Treatment of lupus nephritis.

Diagnostic Uses

Diagnosis (dexamethasone suppression test; DST) of adrenocortical hyperfunction (e.g., Cushing’s syndrome, adrenal hyperplasia, adrenal adenoma).

Inhibits pituitary corticotropin (ACTH) release and decreases output of endogenous corticosteroids when given in an amount that does not itself appreciably affect levels of urinary 17-hydroxycorticosteroids.

Diagnosis (DST) of mental depression; however, considerable controversy currently exists regarding the clinical utility of the test.

Sensitivity of DST in depression is relatively modest (about 40–50%), and a positive test result (nonsuppression) does not appear to reliably predict response to antidepressant therapy and a negative test result (suppression) is not an indication for withholding antidepressant therapy.

Dexamethasone (Systemic) Dosage and Administration


Route of administration and dosage depend on the condition being treated and the patient response.

Alternate-day Therapy

  • Alternate-day therapy in which a single dose is administered every other morning is the dosage regimen of choice for long-term oral glucocorticoid treatment of most conditions. This regimen provides relief of symptoms while minimizing adrenal suppression, protein catabolism, and other adverse effects.

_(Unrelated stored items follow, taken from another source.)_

lemma geodesic_between_isometric_segment:
  assumes iso: "\<forall>s\<in>I. \<forall>t\<in>I. dist (f s) (f t) = \<bar>s - t\<bar>" and seg: "{min r0 r1..max r0 r1} \<subseteq> I"
  shows "geodesic_between (\<lambda>s. f (if r0 \<le> r1 then r0 + s else r0 - s)) (f r0) (f r1)"
proof -
  let ?\<phi> = "\<lambda>s. if r0 \<le> r1 then r0 + s else r0 - s"
  have "r0 \<in> I" "r1 \<in> I" using seg by auto
  then have d: "dist (f r0) (f r1) = \<bar>r1 - r0\<bar>" using iso by (simp add: abs_minus_commute)
  have in_I: "?\<phi> s \<in> I" if "s \<in> {0..\<bar>r1 - r0\<bar>}" for s
    using that seg by (auto simp: subset_iff)
  have "dist (f (?\<phi> s)) (f (?\<phi> t)) = \<bar>s - t\<bar>" if "s \<in> {0..\<bar>r1 - r0\<bar>}" "t \<in> {0..\<bar>r1 - r0\<bar>}" for s t
    using iso in_I[OF that(1)] in_I[OF that(2)] by (auto simp: abs_minus_commute)
  then show ?thesis unfolding geodesic_between_def d by auto
qed

text \<open>Apply the CN inequality at the point a fraction \<open>l\<close> of the way from the foot and let
  \<open>l \<rightarrow> 0\<close>.\<close>
lemma CAT0_foot_right_angle:
  fixes f :: "real \<Rightarrow> 'a::metric_space"
  assumes cat: "CAT0 TYPE('a)"
    and iso: "\<forall>s\<in>I. \<forall>t\<in>I. dist (f s) (f t) = \<bar>s - t\<bar>"
    and seg: "{min r0 r1..max r0 r1} \<subseteq> I"
    and foot: "\<forall>r\<in>I. dist u (f r0) \<le> dist u (f r)"
  shows "(dist u (f r0))\<^sup>2 + (r1 - r0)\<^sup>2 \<le> (dist u (f r1))\<^sup>2"
proof (cases "r0 = r1")
  case True
  then show ?thesis by simp
next
  case False
  define g where "g = (\<lambda>s. f (if r0 \<le> r1 then r0 + s else r0 - s))"
  define \<delta> where "\<delta> = \<bar>r1 - r0\<bar>"
  have "0 < \<delta>" using False by (simp add: \<delta>_def)
  have geo: "geodesic_between g (f r0) (f r1)"
    unfolding g_def by (rule geodesic_between_isometric_segment[OF iso seg])
  have "r0 \<in> I" "r1 \<in> I" using seg by auto
  then have dd: "dist (f r0) (f r1) = \<delta>" using iso by (simp add: \<delta>_def abs_minus_commute)
  have approx: "(dist u (f r0))\<^sup>2 + \<delta>\<^sup>2 \<le> (dist u (f r1))\<^sup>2 + l * \<delta>\<^sup>2" if l: "0 < l" "l \<le> 1" for l
  proof -
    have s: "0 \<le> l * \<delta>" "l * \<delta> \<le> \<delta>" using l \<open>0 < \<delta>\<close> by auto
    have in_I: "(if r0 \<le> r1 then r0 + t else r0 - t) \<in> I" if "0 \<le> t" "t \<le> \<delta>" for t
      using seg that by (auto simp: \<delta>_def subset_iff)
    have "dist u (f r0) \<le> dist u (g (l * \<delta>))" unfolding g_def using foot in_I[OF s] by blast
    then have "(dist u (f r0))\<^sup>2 \<le> (dist u (g (l * \<delta>)))\<^sup>2" by (intro power_mono) auto
    also have "\<dots> \<le> (1 - l) * (dist u (f r0))\<^sup>2 + l * (dist u (f r1))\<^sup>2 - l * (1 - l) * \<delta>\<^sup>2"
      using CAT0_CN_inequality[OF cat geo, of "l * \<delta>" u] s \<open>0 < \<delta>\<close> by (simp add: dd)
    finally have "l * ((dist u (f r0))\<^sup>2 + \<delta>\<^sup>2) \<le> l * ((dist u (f r1))\<^sup>2 + l * \<delta>\<^sup>2)"
      by (simp add: algebra_simps)
    then show ?thesis using l by simp
  qed
  have "(dist u (f r0))\<^sup>2 + \<delta>\<^sup>2 \<le> (dist u (f r1))\<^sup>2"
    by (rule le_of_forall_unit_le_add_mult[OF zero_le_power2 approx])
  then show ?thesis by (simp add: \<delta>_def)
qed

context
  fixes c G :: "real \<Rightarrow> 'a::metric_space" and A l s0 :: real
  assumes iso_c: "\<forall>s\<in>{0..A}. \<forall>t\<in>{0..A}. dist (c s) (c t) = \<bar>s - t\<bar>"
    and iso_G: "\<forall>s\<in>{0..l}. \<forall>t\<in>{0..l}. dist (G s) (G t) = \<bar>s - t\<bar>"
    and A: "0 \<le> A" and s0: "0 \<le> s0" "s0 \<le> l" and join: "c A = G s0"
    and angle: "\<And>\<sigma> s1. 0 \<le> \<sigma> \<Longrightarrow> \<sigma> \<le> A \<Longrightarrow> s0 \<le> s1 \<Longrightarrow> s1 \<le> l \<Longrightarrow>
                  (A - \<sigma>)\<^sup>2 + (s1 - s0)\<^sup>2 \<le> (dist (c \<sigma>) (G s1))\<^sup>2"
begin

lemma concat_right_angle_dist_bounds:
  defines "\<beta> \<equiv> \<lambda>\<sigma>. if \<sigma> \<le> A then c \<sigma> else G (s0 + (\<sigma> - A))"
  assumes st: "0 \<le> \<sigma>" "\<sigma> \<le> \<tau>" "\<tau> \<le> A + (l - s0)"
  shows "(\<tau> - \<sigma>) / 2 \<le> dist (\<beta> \<sigma>) (\<beta> \<tau>) \<and> dist (\<beta> \<sigma>) (\<beta> \<tau>) \<le> \<tau> - \<sigma>"
proof -
  have \<beta>_G: "\<beta> r = G (s0 + (r - A))" if "A \<le> r" for r
    using that join by (cases "r = A") (auto simp: \<beta>_def)
  consider "\<tau> \<le> A" | "A \<le> \<sigma>" | "\<sigma> < A" "A < \<tau>" by linarith
  then show ?thesis
  proof cases
    case 1
    then show ?thesis using st iso_c by (simp add: \<beta>_def)
  next
    case 2
    then show ?thesis using st s0 iso_G by (simp add: \<beta>_G)
  next
    case 3
    define s1 where "s1 = s0 + (\<tau> - A)"
    have s1: "s0 \<le> s1" "s1 \<le> l" using 3 st by (auto simp: s1_def)
    have \<beta>: "\<beta> \<sigma> = c \<sigma>" "\<beta> \<tau> = G s1" using 3 by (auto simp: \<beta>_def s1_def)
    have "dist (c \<sigma>) (G s0) = A - \<sigma>" using iso_c st 3 A join[symmetric] by auto
    moreover have "dist (G s0) (G s1) = \<tau> - A" using iso_G s0 s1 by (simp add: s1_def)
    ultimately have up: "dist (c \<sigma>) (G s1) \<le> \<tau> - \<sigma>"
      using dist_triangle[of "c \<sigma>" "G s1" "G s0"] by simp
    have "((\<tau> - \<sigma>) / 2)\<^sup>2 \<le> ((A - \<sigma>)\<^sup>2 + (s1 - s0)\<^sup>2) / 2"
      using zero_le_power2[of "(A - \<sigma>) - (\<tau> - A)"]
      by (simp add: s1_def power2_eq_square field_simps)
    also have "\<dots> \<le> (A - \<sigma>)\<^sup>2 + (s1 - s0)\<^sup>2" by simp
    also have "\<dots> \<le> (dist (c \<sigma>) (G s1))\<^sup>2" using angle st 3 s1 by simp
    finally have "(\<tau> - \<sigma>) / 2 \<le> dist (c \<sigma>) (G s1)" by (rule power2_le_imp_le) simp
    then show ?thesis using up by (simp add: \<beta>)
  qed
qed

lemma quasi_geodesic_concat_right_angle:
  "quasi_geodesic_on 2 0 {0..A + (l - s0)} (\<lambda>\<sigma>. if \<sigma> \<le> A then c \<sigma> else G (s0 + (\<sigma> - A)))"
  (is "quasi_geodesic_on 2 0 {0..?T} ?\<beta>")
  unfolding quasi_geodesic_on_def
proof (intro conjI ballI)
  show "is_interval {0..?T}" by (rule is_interval_cc)
  show "continuous_on {0..?T} ?\<beta>"
  proof (rule continuous_on_cases_le[where h = "\<lambda>\<sigma>. \<sigma>" and a = A])
    show "continuous_on {\<sigma> \<in> {0..?T}. \<sigma> \<le> A} c"
      using continuous_on_isometric[OF iso_c] by (rule continuous_on_subset) auto
    show "continuous_on {\<sigma> \<in> {0..?T}. A \<le> \<sigma>} (\<lambda>\<sigma>. G (s0 + (\<sigma> - A)))"
    proof (rule continuous_on_compose2[OF continuous_on_isometric[OF iso_G]])
      show "continuous_on {\<sigma> \<in> {0..?T}. A \<le> \<sigma>} (\<lambda>\<sigma>. s0 + (\<sigma> - A))"
        by (intro continuous_intros)
      show "(\<lambda>\<sigma>. s0 + (\<sigma> - A)) ` {\<sigma> \<in> {0..?T}. A \<le> \<sigma>} \<subseteq> {0..l}" using s0 by auto
    qed
    show "continuous_on {0..?T} (\<lambda>\<sigma>. \<sigma>)" by (rule continuous_on_id)
    show "c \<sigma> = G (s0 + (\<sigma> - A))" if "\<sigma> = A" for \<sigma> using that join by simp
  qed
  fix \<sigma> \<tau> assume "\<sigma> \<in> {0..?T}" "\<tau> \<in> {0..?T}"
  then have "\<bar>\<sigma> - \<tau>\<bar> / 2 \<le> dist (?\<beta> \<sigma>) (?\<beta> \<tau>) \<and> dist (?\<beta> \<sigma>) (?\<beta> \<tau>) \<le> \<bar>\<sigma> - \<tau>\<bar>"
    using concat_right_angle_dist_bounds[of \<sigma> \<tau>] concat_right_angle_dist_bounds[of \<tau> \<sigma>]
    by (cases "\<sigma> \<le> \<tau>") (auto simp: dist_commute)
  then show "\<bar>\<sigma> - \<tau>\<bar> / 2 - 0 \<le> dist (?\<beta> \<sigma>) (?\<beta> \<tau>)" "dist (?\<beta> \<sigma>) (?\<beta> \<tau>) \<le> 2 * \<bar>\<sigma> - \<tau>\<bar> + 0"
    by auto
qed

end

text \<open>The path is \<open>[p, G s0]\<close> followed by \<open>G\<close> from \<open>G s0\<close> to \<open>q\<close>; the foot of every point of
  \<open>[p, G s0]\<close> on \<open>G\<close> is again \<open>G s0\<close>, which provides the right angles.\<close>
lemma CAT0_foot_path_quasi_geodesic:
  fixes p :: "'a::metric_space"
  assumes cat: "CAT0 TYPE('a)" and G: "geodesic_between G w q"
    and s0: "s0 \<in> {0..dist w q}" and foot: "\<forall>s\<in>{0..dist w q}. dist p (G s0) \<le> dist p (G s)"
  obtains \<beta> T where "0 \<le> T" "quasi_geodesic_on 32 0 {0..T} \<beta>" "\<beta> 0 = p" "\<beta> T = q"
    "G s0 \<in> \<beta> ` {0..T}"
proof -
  define l \<rho> where "l = dist w q" and "\<rho> = dist p (G s0)"
  obtain c where c: "geodesic_between c p (G s0)" using CAT0_geodesic_exists[OF cat] by metis
  have iso_c: "\<forall>s\<in>{0..\<rho>}. \<forall>t\<in>{0..\<rho>}. dist (c s) (c t) = \<bar>s - t\<bar>"
    using geodesic_between_isometric[OF c] by (simp add: \<rho>_def)
  have iso_G: "\<forall>s\<in>{0..l}. \<forall>t\<in>{0..l}. dist (G s) (G t) = \<bar>s - t\<bar>"
    using geodesic_between_isometric[OF G] by (simp add: l_def)
  have c0: "c 0 = p" and c\<rho>: "c \<rho> = G s0" using c by (auto simp: geodesic_between_def \<rho>_def)
  have angle: "(\<rho> - \<sigma>)\<^sup>2 + (s1 - s0)\<^sup>2 \<le> (dist (c \<sigma>) (G s1))\<^sup>2"
    if \<sigma>: "0 \<le> \<sigma>" "\<sigma> \<le> \<rho>" and s1: "s0 \<le> s1" "s1 \<le> l" for \<sigma> s1
  proof -
    have "0 \<le> \<rho>" by (simp add: \<rho>_def)
    then have "dist (c \<sigma>) (c \<rho>) = \<rho> - \<sigma>" "dist (c 0) (c \<sigma>) = \<sigma>" using iso_c \<sigma> by auto
    then have d: "dist (c \<sigma>) (G s0) = \<rho> - \<sigma>" "dist p (c \<sigma>) = \<sigma>" by (simp_all add: c0 c\<rho>)
    have "\<forall>z\<in>G ` {0..l}. dist p (G s0) \<le> dist p z" using foot by (simp add: l_def)
    moreover have "dist p (c \<sigma>) + dist (c \<sigma>) (G s0) = dist p (G s0)" using d by (simp add: \<rho>_def)
    ultimately have "\<forall>z\<in>G ` {0..l}. dist (c \<sigma>) (G s0) \<le> dist (c \<sigma>) z"
      by (rule nearest_point_of_point_between)
    then have "\<forall>s\<in>{0..l}. dist (c \<sigma>) (G s0) \<le> dist (c \<sigma>) (G s)" by simp
    from CAT0_foot_right_angle[OF cat iso_G _ this, of s1]
    show ?thesis using s0 s1 d by (simp add: l_def)
  qed
  define T where "T = \<rho> + (l - s0)"
  define \<beta> where "\<beta> = (\<lambda>\<sigma>. if \<sigma> \<le> \<rho> then c \<sigma> else G (s0 + (\<sigma> - \<rho>)))"
  have "quasi_geodesic_on 2 0 {0..T} \<beta>"
    unfolding \<beta>_def T_def
    by (rule quasi_geodesic_concat_right_angle[OF iso_c iso_G _ _ _ c\<rho> angle])
       (use s0 in \<open>auto simp: \<rho>_def l_def\<close>)
  then have "quasi_geodesic_on 32 0 {0..T} \<beta>" by (rule quasi_geodesic_on_mono) auto
  moreover have "\<beta> T = q"
    using c\<rho> G s0 by (cases "l = s0") (auto simp: \<beta>_def T_def l_def geodesic_between_def)
  moreover have "\<beta> 0 = p" using c0 by (simp add: \<beta>_def \<rho>_def)
  moreover have "G s0 \<in> \<beta> ` {0..T}"
    using c\<rho> s0 by (intro image_eqI[of _ _ \<rho>]) (auto simp: \<beta>_def T_def \<rho>_def l_def)
  moreover have "0 \<le> T" using s0 by (simp add: T_def \<rho>_def l_def)
  ultimately show ?thesis using that by blast
qed

lemma closed_geodesic_ray_image:
  fixes b :: "real \<Rightarrow> 'a::metric_space"
  assumes ray: "geodesic_ray b bp"
  shows "closed (b ` {0..})"
  unfolding closed_sequential_limits
proof (intro allI impI, elim conjE)
  fix x l assume x: "\<forall>n. x n \<in> b ` {0..}" and lim: "x \<longlonglongrightarrow> l"
  have "\<forall>n. \<exists>t. 0 \<le> t \<and> x n = b t" using x by auto
  then obtain r where r: "\<And>n. 0 \<le> r n \<and> x n = b (r n)" by metis
  have dist_r: "dist (x m) (x n) = dist (r m) (r n)" for m n
    using r[of m] r[of n] ray by (simp add: geodesic_ray_def dist_real_def)
  have "Cauchy r" using LIMSEQ_imp_Cauchy[OF lim] unfolding Cauchy_def dist_r .
  then obtain r0 where r0: "r \<longlonglongrightarrow> r0" using Cauchy_convergent convergent_def by blast
  have "0 \<le> r0" by (rule LIMSEQ_le_const[OF r0]) (use r in blast)
  have "dist (x n) (b r0) = dist (r n) r0" for n
    using r[of n] \<open>0 \<le> r0\<close> ray by (simp add: geodesic_ray_def dist_real_def)
  moreover have "(\<lambda>n. dist (r n) r0) \<longlonglongrightarrow> 0" using r0 by (rule tendsto_dist_iff[THEN iffD1])
  ultimately have "(\<lambda>n. dist (x n) (b r0)) \<longlonglongrightarrow> 0" by simp
  then have "x \<longlonglongrightarrow> b r0" by (rule tendsto_dist_iff[THEN iffD2])
  then have "l = b r0" using lim LIMSEQ_unique by blast
  then show "l \<in> b ` {0..}" using \<open>0 \<le> r0\<close> by auto
qed

lemma CAT0_dist_geodesic_point_le:
  fixes p q u :: "'a::metric_space"
  assumes cat: "CAT0 TYPE('a)" and c: "geodesic_between c p u"
    and "0 < dist p q" "dist p q < dist p u" and short: "dist u q \<le> dist p u + 7/8 * dist p q"
  shows "dist q (c (dist p q)) \<le> 31/16 * dist p q"
proof -
  define h L where "h = dist p u" and "L = dist p q"
  have "0 < L" "L < h" using assms by (simp_all add: h_def L_def)
  have "(dist q u)\<^sup>2 \<le> (h + 7/8 * L)\<^sup>2"
    using short by (intro power_mono) (auto simp: h_def L_def dist_commute)
  then have "(L/h) * (dist q u)\<^sup>2 \<le> (L/h) * (h + 7/8 * L)\<^sup>2"
    using \<open>0 < L\<close> \<open>L < h\<close> by (intro mult_left_mono) auto
  moreover have "(dist q (c L))\<^sup>2 \<le> (1 - L/h) * L\<^sup>2 + (L/h) * (dist q u)\<^sup>2 - (L/h) * (1 - L/h) * h\<^sup>2"
    using CAT0_CN_inequality[OF cat c, of L q] \<open>0 < L\<close> \<open>L < h\<close>
    by (simp add: h_def L_def dist_commute)
  ultimately have "(dist q (c L))\<^sup>2 \<le> (1 - L/h) * L\<^sup>2 + (L/h) * (h + 7/8 * L)\<^sup>2 - (L/h) * (1 - L/h) * h\<^sup>2"
    by linarith
  also have "\<dots> = 15/4 * L\<^sup>2 - 15/64 * (L / h * L\<^sup>2)"
    using \<open>L < h\<close> \<open>0 < L\<close> by (simp add: field_simps power2_eq_square)
  also have "\<dots> \<le> (31/16 * L)\<^sup>2"
  proof -
    have "0 \<le> L / h * L\<^sup>2" using \<open>L < h\<close> \<open>0 < L\<close> by simp
    moreover have "(31/16 * L)\<^sup>2 = 961/256 * L\<^sup>2" by (simp add: power2_eq_square)
    ultimately show ?thesis using zero_le_power2[of L] by linarith
  qed
  finally have "dist q (c L) \<le> 31/16 * L" by (rule power2_le_imp_le) (use \<open>0 < L\<close> in simp)
  then show ?thesis by (simp add: L_def)
qed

  • Because dexamethasone’s HPA-axis suppression persists for 2.75 days, alternate-day regimens are not appropriate.

  • If alternate-day therapy is preferred, only use a “short-acting” glucocorticoid that suppresses the HPA axis <1.5 days after a single oral dose (e.g., prednisone, prednisolone, methylprednisolone).

  • Some conditions (e.g., rheumatoid arthritis, ulcerative colitis) require daily glucocorticoid therapy because symptoms of the underlying disease cannot be controlled by alternate-day therapy.

Discontinuance of Therapy

  • A steroid withdrawal syndrome consisting of lethargy, fever, myalgia can develop following abrupt discontinuance. Symptoms often occur without evidence of adrenal insufficiency (while plasma glucocorticoid concentrations were still high but were falling rapidly).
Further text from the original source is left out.